Figure 1: Incorrect field pattern around benzene; results in incorrect stacking (face-to-face).
Underlying all of Cresset’s software is the XED (eXtended Electron Distribution) force field. XED is now in its 3rd iteration, and has been a 30-year work-in-progress for Cresset’s founder, Andy Vinter.
The XED approach is unique in that it explicitly represents electron anisotropy by using a distribution of charged “orbital points” around the molecule (depending on atom hybridizations), effectively moving the negative charge OFF the nucleus. Each XED point can thus be seen as p-orbital electrons (lone pairs, or Π-cloud delocalized pairs; and these points are included in the MM optimization.

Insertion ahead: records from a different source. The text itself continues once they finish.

lemma Flow_nonempty: "Flow Y Lam g \<noteq> {}"
proof -
  obtain l where l: "l \<in> Lam"
    using Lam_nonempty by blast
  have "continuous_on Y (case_prod g \<circ> (\<lambda>y. (y, l)))"
    by (intro continuous_on_compose continuous_on_subset[OF continuous_g])
      (auto intro!: continuous_intros l)
  then obtain y where "y \<in> Y" "\<forall>z\<in>Y. g y l \<le> g z l"
    using continuous_attains_inf[OF compact_Y Y_nonempty] by (auto simp: comp_def)
  then show ?thesis
    using l Flow_iff by blast
qed

lemma bdd_below_Ppen:
  assumes "0 \<le> \<rho>" "l \<in> Lam"
  shows "bdd_below (P \<rho> x y l ` Y)"
proof -
  obtain G where G: "\<And>y l. y \<in> Y \<Longrightarrow> l \<in> Lam \<Longrightarrow> \<bar>g y l\<bar> \<le> G"
    using bounded_g by blast
  show ?thesis
  proof (rule bdd_belowI2)
    fix z assume "z \<in> Y"
    then have "\<rho> * g z l \<ge> \<rho> * -G"
      using G assms by (intro mult_left_mono) force+
    then show "f x y l - \<rho> * g y l + \<rho> * -G \<le> P \<rho> x y l z"
      unfolding Ppen_def right_diff_distrib by linarith
  qed
qed

lemma INF_Ppen_lower:
  assumes "0 \<le> \<rho>" "l \<in> Lam" "z \<in> Y"
  shows "(INF z'\<in>Y. P \<rho> x y l z') \<le> P \<rho> x y l z"
  using cINF_lower[OF bdd_below_Ppen[OF assms(1,2)] assms(3)] .

lemma INF_Ppen_Flow:
  assumes "(y, l) \<in> Flow Y Lam g" "0 \<le> \<rho>"
  shows "(INF z\<in>Y. P \<rho> x y l z) = f x y l"
proof (rule antisym)
  show "(INF z\<in>Y. P \<rho> x y l z) \<le> f x y l"
    using INF_Ppen_lower[OF assms(2), of l y x y] assms(1) by (simp add: Flow_iff Ppen_def)
  show "f x y l \<le> (INF z\<in>Y. P \<rho> x y l z)"
    using assms by (auto simp: Flow_iff Ppen_def mult_nonneg_nonpos intro!: cINF_greatest[OF Y_nonempty])
qed

lemma INF_Ppen_le_Frho:
  assumes "0 \<le> \<rho>" "x \<in> X" "y \<in> Y" "l \<in> Lam"
  shows "(INF z\<in>Y. P \<rho> x y l z) \<le> F \<rho> x"
proof -
  obtain M where M: "\<And>x y l. x \<in> X \<Longrightarrow> y \<in> Y \<Longrightarrow> l \<in> Lam \<Longrightarrow> \<bar>f x y l\<bar> \<le> M"
    using bounded_fobj by blast
  have "bdd_above ((\<lambda>p. INF z\<in>Y. P \<rho> x (fst p) (snd p) z) ` (Y \<times> Lam))"
  proof (rule bdd_aboveI2)
    fix p assume p: "p \<in> Y \<times> Lam"
    then have "(INF z\<in>Y. P \<rho> x (fst p) (snd p) z) \<le> P \<rho> x (fst p) (snd p) (fst p)"
      by (intro INF_Ppen_lower assms(1)) auto
    also have "\<dots> \<le> M"
      using M[OF assms(2)] p by (force simp: Ppen_def dest: abs_le_D1)
    finally show "(INF z\<in>Y. P \<rho> x (fst p) (snd p) z) \<le> M" .
  qed
  then show ?thesis
    unfolding Frho_def using assms(3,4) by (auto intro: cSUP_upper2)
qed

lemma fobj_le_Frho:
  assumes "0 \<le> \<rho>" "x \<in> X" "(y, l) \<in> Flow Y Lam g"
  shows "f x y l \<le> F \<rho> x"
  using INF_Ppen_le_Frho[OF assms(1,2), of y l] INF_Ppen_Flow[OF assms(3,1), of x] assms(3)
  by (simp add: Flow_iff)

lemma Phistar_le_Frho:
  assumes "0 \<le> \<rho>" "x \<in> X"
  shows "\<Phi>star \<rho> \<le> F \<rho> x"
proof -
  obtain M where M: "\<And>x y l. x \<in> X \<Longrightarrow> y \<in> Y \<Longrightarrow> l \<in> Lam \<Longrightarrow> \<bar>f x y l\<bar> \<le> M"
    using bounded_fobj by blast
  obtain y l where yl: "(y, l) \<in> Flow Y Lam g"
    using Flow_nonempty by auto
  have "-M \<le> F \<rho> x'" if "x' \<in> X" for x'
    using fobj_le_Frho[OF assms(1) that yl] M[OF that, of y l] yl by (auto simp: Flow_iff)
  then show ?thesis
    unfolding Phistar_def by (intro cINF_lower[OF _ assms(2)] bdd_belowI2)
qed

lemma fobj_le_Phi:
  assumes "x \<in> X" "(y, l) \<in> Flow Y Lam g"
  shows "f x y l \<le> \<Phi> x"
proof -
  obtain M where M: "\<And>x y l. x \<in> X \<Longrightarrow> y \<in> Y \<Longrightarrow> l \<in> Lam \<Longrightarrow> \<bar>f x y l\<bar> \<le> M"
    using bounded_fobj by blast
  have "bdd_above ((\<lambda>p. f x (fst p) (snd p)) ` Flow Y Lam g)"
    using M[OF assms(1)] by (intro bdd_aboveI2[where M=M]) (force simp: Flow_iff)
  then show ?thesis
    unfolding Phi_def using cSUP_upper[OF assms(2)] by fastforce
qed

lemma Phi_least:
  assumes "\<And>y l. (y, l) \<in> Flow Y Lam g \<Longrightarrow> f x y l \<le> a"
  shows "\<Phi> x \<le> a"
  unfolding Phi_def using assms by (auto intro: cSUP_least[OF Flow_nonempty])

lemma eps_optimal_fobj_le_Ppen:
  assumes opt: "eps_optimal X Y Lam \<rho> fbar A B c g \<epsilon> x y l z"
    and "0 \<le> \<rho>" "(y', l') \<in> Flow Y Lam g" "z' \<in> Y"
  shows "f x y' l' \<le> P \<rho> x y l z' + 2 * \<epsilon>"
proof -
  have "f x y' l' \<le> F \<rho> x"
    using opt assms(2,3) by (intro fobj_le_Frho) (auto simp: eps_optimal_def)
  moreover have "(INF z\<in>Y. P \<rho> x y l z) \<le> P \<rho> x y l z'"
    using opt assms(2,4) by (intro INF_Ppen_lower) (auto simp: eps_optimal_def)
  ultimately show ?thesis
    using opt unfolding eps_optimal_def by linarith
qed

lemma eps_optimal_fobj_le_Frho:
  assumes opt: "eps_optimal X Y Lam \<rho> fbar A B c g \<epsilon> x y l z"
    and "0 \<le> \<rho>" "(y', l') \<in> Flow Y Lam g" "x' \<in> X"
  shows "f x y' l' \<le> F \<rho> x' + 2 * \<epsilon>"
proof -
  have "f x y' l' \<le> F \<rho> x"
    using opt assms(2,3) by (intro fobj_le_Frho) (auto simp: eps_optimal_def)
  moreover have "\<Phi>star \<rho> \<le> F \<rho> x'"
    using Phistar_le_Frho[OF assms(2,4)] .
  ultimately show ?thesis
    using opt unfolding eps_optimal_def by linarith
qed

lemma tendsto_fobj:
  assumes "((\<lambda>k. (a k, b k, d k)) \<longlongrightarrow> (a0, b0, d0)) net" "(a0, b0, d0) \<in> X \<times> Y \<times> Lam"
    and "\<forall>\<^sub>F k in net. (a k, b k, d k) \<in> X \<times> Y \<times> Lam"
  shows "((\<lambda>k. f (a k) (b k) (d k)) \<longlongrightarrow> f a0 b0 d0) net"
  using continuous_on_tendsto_compose[OF continuous_fobj assms] by simp

lemma tendsto_g:
  assumes "((\<lambda>k. (b k, d k)) \<longlongrightarrow> (b0, d0)) net" "(b0, d0) \<in> Y \<times> Lam"
    and "\<forall>\<^sub>F k in net. (b k, d k) \<in> Y \<times> Lam"
  shows "((\<lambda>k. g (b k) (d k)) \<longlongrightarrow> g b0 d0) net"
  using continuous_on_tendsto_compose[OF continuous_g assms] by simp

lemma lower_level_gap:
  assumes "compact K" "K \<subseteq> Y \<times> Lam" "K \<inter> Flow Y Lam g = {}"
  obtains \<eta> where "\<eta> > 0" "\<And>y l. (y, l) \<in> K \<Longrightarrow> \<exists>z\<in>Y. g z l + \<eta> \<le> g y l"
proof -
  have "\<exists>\<eta>>0. \<forall>(y, l)\<in>K. \<exists>z\<in>Y. g z l + \<eta> \<le> g y l"
  proof (rule ccontr)
    assume "\<not> ?thesis"
    then have "\<forall>n. \<exists>q\<in>K. \<forall>z\<in>Y. g (fst q) (snd q) < g z (snd q) + inverse (Suc n)"
      by (metis (no_types, lifting) case_prod_beta inverse_positive_iff_positive not_le
          of_nat_0_less_iff zero_less_Suc)
    then obtain q where q_K: "\<And>n. q n \<in> K"
      and q_gap: "\<And>n z. z \<in> Y \<Longrightarrow> g (fst (q n)) (snd (q n)) < g z (snd (q n)) + inverse (Suc n)"
      by metis
    obtain q0 s where "q0 \<in> K" "strict_mono s" and q_s: "(q \<circ> s) \<longlonglongrightarrow> q0"
      using seq_compactE[OF compact_imp_seq_compact[OF assms(1)]] q_K by metis
    have in_YL: "\<And>n. q n \<in> Y \<times> Lam" "q0 \<in> Y \<times> Lam"
      using q_K \<open>q0 \<in> K\<close> assms(2) by auto
    have "g (fst q0) (snd q0) \<le> g z (snd q0)" if "z \<in> Y" for z
    proof (rule tendsto_le[OF trivial_limit_sequentially])
      show "(\<lambda>n. g (fst (q (s n))) (snd (q (s n)))) \<longlonglongrightarrow> g (fst q0) (snd q0)"
        using continuous_on_tendsto_compose[OF continuous_g q_s] in_YL
        by (simp add: comp_def case_prod_unfold)
      have "(\<lambda>n. (z, snd (q (s n)))) \<longlonglongrightarrow> (z, snd q0)"
        using q_s by (intro tendsto_intros) (simp add: comp_def)
      then have "(\<lambda>n. g z (snd (q (s n)))) \<longlonglongrightarrow> g z (snd q0)"
        using continuous_on_tendsto_compose[OF continuous_g] in_YL that
        by (fastforce simp: mem_Times_iff)
      moreover have "(\<lambda>n. inverse (real (Suc (s n)))) \<longlonglongrightarrow> 0"
        using LIMSEQ_subseq_LIMSEQ[OF LIMSEQ_inverse_real_of_nat \<open>strict_mono s\<close>]
        by (simp add: comp_def)
      ultimately show "(\<lambda>n. g z (snd (q (s n))) + inverse (Suc (s n))) \<longlonglongrightarrow> g z (snd q0)"
        using tendsto_add by fastforce
      show "\<forall>\<^sub>F n in sequentially.
          g (fst (q (s n))) (snd (q (s n))) \<le> g z (snd (q (s n))) + inverse (Suc (s n))"
        using q_gap[OF that] by (simp add: less_imp_le)
    qed
    then have "q0 \<in> Flow Y Lam g"
      using in_YL Flow_iff[of "fst q0" "snd q0"] by (simp add: mem_Times_iff)
    then show False
      using \<open>q0 \<in> K\<close> assms(3) by blast
  qed
  then show ?thesis
    using that by blast
qed

lemma compact_fobj_superlevel:
  assumes "x \<in> X"
  shows "compact {(y, l) \<in> Y \<times> Lam. a \<le> f x y l}"
proof -
  have "continuous_on (Y \<times> Lam) ((\<lambda>(x, y, l). f x y l) \<circ> (\<lambda>q. (x, q)))"
    by (intro continuous_on_compose continuous_on_subset[OF continuous_fobj])
      (auto intro!: continuous_intros assms)
  then have "closed ((Y \<times> Lam) \<inter> (\<lambda>(y, l). f x y l) -` {a..})"
    using compact_Y compact_Lam
    by (intro continuous_closed_preimage)
      (auto simp: comp_def case_prod_unfold compact_imp_closed closed_Times)
  then have "compact ((Y \<times> Lam) \<inter> ((Y \<times> Lam) \<inter> (\<lambda>(y, l). f x y l) -` {a..}))"
    by (intro compact_Int_closed compact_Times compact_Y compact_Lam)
  moreover have "(Y \<times> Lam) \<inter> ((Y \<times> Lam) \<inter> (\<lambda>(y, l). f x y l) -` {a..})
      = {(y, l) \<in> Y \<times> Lam. a \<le> f x y l}"
    by auto
  ultimately show ?thesis
    by simp
qed

lemma eventually_Frho_le_Phi:
  assumes "x \<in> X" "\<delta> > 0"
  shows "\<forall>\<^sub>F \<rho> in at_top. F \<rho> x \<le> \<Phi> x + \<delta>"
proof -
  obtain M where M: "\<And>x y l. x \<in> X \<Longrightarrow> y \<in> Y \<Longrightarrow> l \<in> Lam \<Longrightarrow> \<bar>f x y l\<bar> \<le> M"
    using bounded_fobj by blast
  define K where "K = {(y, l) \<in> Y \<times> Lam. \<Phi> x + \<delta> \<le> f x y l}"
  have "compact K"
    unfolding K_def using compact_fobj_superlevel[OF assms(1)] .
  moreover have "K \<inter> Flow Y Lam g = {}"
    using fobj_le_Phi[OF assms(1)] assms(2) by (force simp: K_def)
  ultimately obtain \<eta> where \<eta>: "\<eta> > 0" "\<And>y l. (y, l) \<in> K \<Longrightarrow> \<exists>z\<in>Y. g z l + \<eta> \<le> g y l"
    using lower_level_gap K_def by blast
  have "\<forall>\<^sub>F \<rho> in at_top. max 0 ((M - \<Phi> x) / \<eta>) \<le> \<rho>"
    by (rule eventually_ge_at_top)
  then show ?thesis
  proof (rule eventually_mono)
    fix \<rho> :: real assume "max 0 ((M - \<Phi> x) / \<eta>) \<le> \<rho>"
    then have "0 \<le> \<rho>" "M - \<Phi> x \<le> \<rho> * \<eta>"
      using \<eta>(1) by (auto simp: pos_divide_le_eq)
    have "(INF z\<in>Y. P \<rho> x y l z) \<le> \<Phi> x + \<delta>" if "y \<in> Y" "l \<in> Lam" for y l
    proof (cases "(y, l) \<in> K")
      case True
      then obtain z where "z \<in> Y" "g z l + \<eta> \<le> g y l"
        using \<eta>(2) by blast
      then have "\<rho> * \<eta> \<le> \<rho> * (g y l - g z l)"
        using \<open>0 \<le> \<rho>\<close> by (intro mult_left_mono) auto
      moreover have "(INF z\<in>Y. P \<rho> x y l z) \<le> f x y l - \<rho> * (g y l - g z l)"
        using INF_Ppen_lower[OF \<open>0 \<le> \<rho>\<close> that(2) \<open>z \<in> Y\<close>] by (simp add: Ppen_def)
      moreover have "f x y l \<le> M"
        using M[OF assms(1) that] by simp
      ultimately show ?thesis
        using \<open>M - \<Phi> x \<le> \<rho> * \<eta>\<close> assms(2) by linarith
    next
      case False
      then have "f x y l < \<Phi> x + \<delta>"
        using that by (simp add: K_def)
      then show ?thesis
        using INF_Ppen_lower[OF \<open>0 \<le> \<rho>\<close> that(2) that(1), of x y] by (simp add: Ppen_def)
    qed
    then show "F \<rho> x \<le> \<Phi> x + \<delta>"
      unfolding Frho_def using Y_nonempty Lam_nonempty by (auto intro!: cSUP_least)
  qed
qed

Figure 2a: Field points and XED’s (the purple bits, corresponding to p-orbital electrons) for benzene, demonstrating both hydrophobic and electrostatic nature of the aromatic ring. Blue field points = negative; red field points = positive; orange = hydrophobic; yellow = accessible van der Waals surface.
Figure 2b: Correct predicted aromatic stacking (edge-to-face) from XED/Cresset calculations.
XED, with its off-nucleus charges, avoids the pitfalls of the electrostatic potential fitting approach. The XED charges are set using an empirical charge generator that takes into consideration both electronegativity and electron drift. When you think of what atoms are really like, it makes sense that the positive charge is on the nucleus, and the negative charge is not!
While enjoying a nice glass of eggnog, I encourage you to take a peek at the following papers:
Extended electron distributions applied to the molecular mechanics of intermolecular interactions
Vinter. J., CompAided Mol Des., 1994, 8, 653-668.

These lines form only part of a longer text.